The framework for assessing debt sustainability should be kept under review. Even low levels of debt may not be sustainable if debt servicing crowds out public spending for the MDGs. Continued technical assistance and greater coordination is needed to support countries in strengthening their debt-management capacity.

Access to affordable essential medicines

The MDG target that aims, in cooperation with pharmaceutical companies, [to] provide access to affordable essential drugs in developing countries has served to mobilize resources and improve coordination aimed at increasing access to essential drugs and treatments to fight HIV/AIDS, malaria and tuberculosis in many countries. Access to essential medicines in developing countries, however, is far from adequate.

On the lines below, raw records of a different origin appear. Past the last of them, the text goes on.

lemma sq_dist_prox_three_point:
  fixes x y z c :: "'a::real_inner"
  assumes lam: "lam > 0" and p: "p \<ge> 0"
    and y: "y = (1 / (2 * lam * p + 1)) *\<^sub>R (x + (2 * lam * p) *\<^sub>R c)"
  shows "p * norm (y - c)^2 + norm (x - y)^2 / (2*lam) + norm (z - y)^2 / (2*lam)
       \<le> p * norm (z - c)^2 + norm (x - z)^2 / (2*lam)"
proof -
  have "2 * lam * p + 1 > 0"
    using lam p by (simp add: add_nonneg_pos)
  then have "(2 * lam * p + 1) *\<^sub>R y = x + (2 * lam * p) *\<^sub>R c"
    by (simp add: y)
  then have xy: "x - y = (2 * lam * p) *\<^sub>R (y - c)"
    by (simp add: algebra_simps scaleR_add_left)
  have "norm (z - c)^2 = norm (z - y)^2 + 2 * inner (z - y) (y - c) + norm (y - c)^2"
    using dot_norm[of "z - y" "y - c"] by simp
  moreover have "norm (x - z)^2 = norm (x - y)^2 - 2 * inner (x - y) (z - y) + norm (z - y)^2"
    using dot_norm_neg[of "x - y" "z - y"] by simp
  moreover have "inner (x - y) (z - y) = 2 * lam * p * inner (z - y) (y - c)"
    by (simp add: xy inner_commute)
  ultimately have "p * norm (z - c)^2 + norm (x - z)^2 / (2*lam)
      = p * norm (y - c)^2 + norm (x - y)^2 / (2*lam) + norm (z - y)^2 / (2*lam) + p * norm (z - y)^2"
    using lam by (simp add: field_simps)
  then show ?thesis
    using p by simp
qed

lemma prox_weighted_sup_sq_dist:
  fixes f :: "'n::finite \<Rightarrow> 'a::real_inner \<Rightarrow> ereal" and c :: "'n \<Rightarrow> 'a" and x :: "'a ^ 'n"
  assumes lam: "lam > 0"
    and F: "F = (\<lambda>y. SUP p\<in>P. \<Sum>i\<in>UNIV. ereal (p $ i) * f i (y $ i))"
    and f: "\<And>i. f i = (\<lambda>z. ereal (norm (z - c i)^2))"
  defines "ell \<equiv> \<lambda>p. \<Sum>i\<in>UNIV. p $ i / (1 + 2 * lam * p $ i) * norm (x $ i - c i)^2"
  assumes P: "convex P" and pb: "pb \<in> P" "\<forall>p\<in>P. ell p \<le> ell pb"
    and pb_nonneg: "\<And>i. 0 \<le> pb $ i"
  shows "prox lam F x = (\<chi> i. (1 / (2 * lam * pb $ i + 1)) *\<^sub>R (x $ i + (2 * lam * pb $ i) *\<^sub>R c i))"
proof -
  define y where
    "y = (\<chi> i. (1 / (2 * lam * pb $ i + 1)) *\<^sub>R (x $ i + (2 * lam * pb $ i) *\<^sub>R c i))"
  define r where "r i = norm (x $ i - c i)^2 / (1 + 2 * lam * pb $ i)^2" for i
  have pos: "1 + 2 * lam * pb $ i > 0" for i
    using lam pb_nonneg[of i] by (simp add: add_pos_nonneg)
  have r: "norm (y $ i - c i)^2 = r i" for i
    using sq_dist_prox_diff[of lam "pb $ i" "x $ i" "c i"] pos[of i]
    by (simp add: y_def r_def power_divide add.commute)
  have "prox lam F x = y"
  proof (rule prox_weighted_sup_eqI[OF lam F f pb(1)])
    fix p assume "p \<in> P"
    have "((\<lambda>s. - (s / (1 + 2 * lam * s) * norm (x $ i - c i)^2)) has_real_derivative - r i)
        (at (pb $ i))" for i
      using pos[of i] by (auto intro!: derivative_eq_intros simp: r_def power2_eq_square field_simps)
    from separable_argmin_variational_ineq[OF this P pb(1) \<open>p \<in> P\<close>] pb(2)
    have "0 \<le> (\<Sum>i\<in>UNIV. - r i * (p $ i - pb $ i))"
      by (simp add: ell_def sum_negf)
    also have "\<dots> = (\<Sum>i\<in>UNIV. pb $ i * r i) - (\<Sum>i\<in>UNIV. p $ i * r i)"
      unfolding sum_subtractf[symmetric] by (rule sum.cong) (simp_all add: algebra_simps)
    finally show "(\<Sum>i\<in>UNIV. p $ i * norm (y $ i - c i)^2)
        \<le> (\<Sum>i\<in>UNIV. pb $ i * norm (y $ i - c i)^2)"
      by (simp add: r)
  next
    fix i z
    show "pb $ i * norm (y $ i - c i)^2 + norm (x $ i - y $ i)^2 / (2*lam)
          + norm (z - y $ i)^2 / (2*lam)
        \<le> pb $ i * norm (z - c i)^2 + norm (x $ i - z)^2 / (2*lam)"
      by (rule sq_dist_prox_three_point[OF lam pb_nonneg]) (simp add: y_def)
  qed
  then show ?thesis
    by (simp add: y_def)
qed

Part of the difficulty in assessing progress towards this commitment is the lack of a defined quantitative target. Efforts in defining such a target will improve the accountability of global actions to expand sustainable access to essential drugs. Information available in a number of countries suggests the existence of large gaps in the availability of medicines in both the public and private sectors as well as a wide variation in prices—much higher than the international reference prices (IRPs)—which render essential medicines unaffordable to poor people. New World Health Organization (WHO) estimates show that public sector availability of essential medicines covers only one third of needs, while private sector availability covers about two thirds. The prices people pay for lowest-priced generic medicines vary from 2.5 to 6.5 times the IRPs in the public and private sectors, respectively. The fact that some developing countries have better availability and lower prices shows that access to quality, assured, affordable essential medicines can be improved through stronger partnership among governments, pharmaceutical companies and civil society, including consumers.

Access to new technologies

The MDG target that aims, in cooperation with the private sector, [to] make available the benefits of new technologies, especially information and communications, has seen rapid progress in bridging the gap in the mobile phone sector, but large gaps remain in improving access to key technology (Internet with broadband access being a good example) that is essential to increasing productivity, sustaining economic growth and improving service delivery in such areas as health and education.

Part of the difficulty in assessing progress in this area is the lack of numerical targets regarding delivery on global commitments. While there has been significant expansion of mobile telephony and computers in developing countries, the digital divide in the access to modern technology is widening between developed and developing countries. Deficits in complementary infrastructure, such as limited coverage of electricity supply in the low-income developing countries, are preventing faster penetration of information and communication technologies (ICT).

Recent emerging issues in development require stronger commitments and development cooperation. The recent food crisis and the challenges of climate change facing developing countries require more flexible approaches to accelerating the transfer of technology for agricultural development, improved access to essential medicines and adaptation to climate change.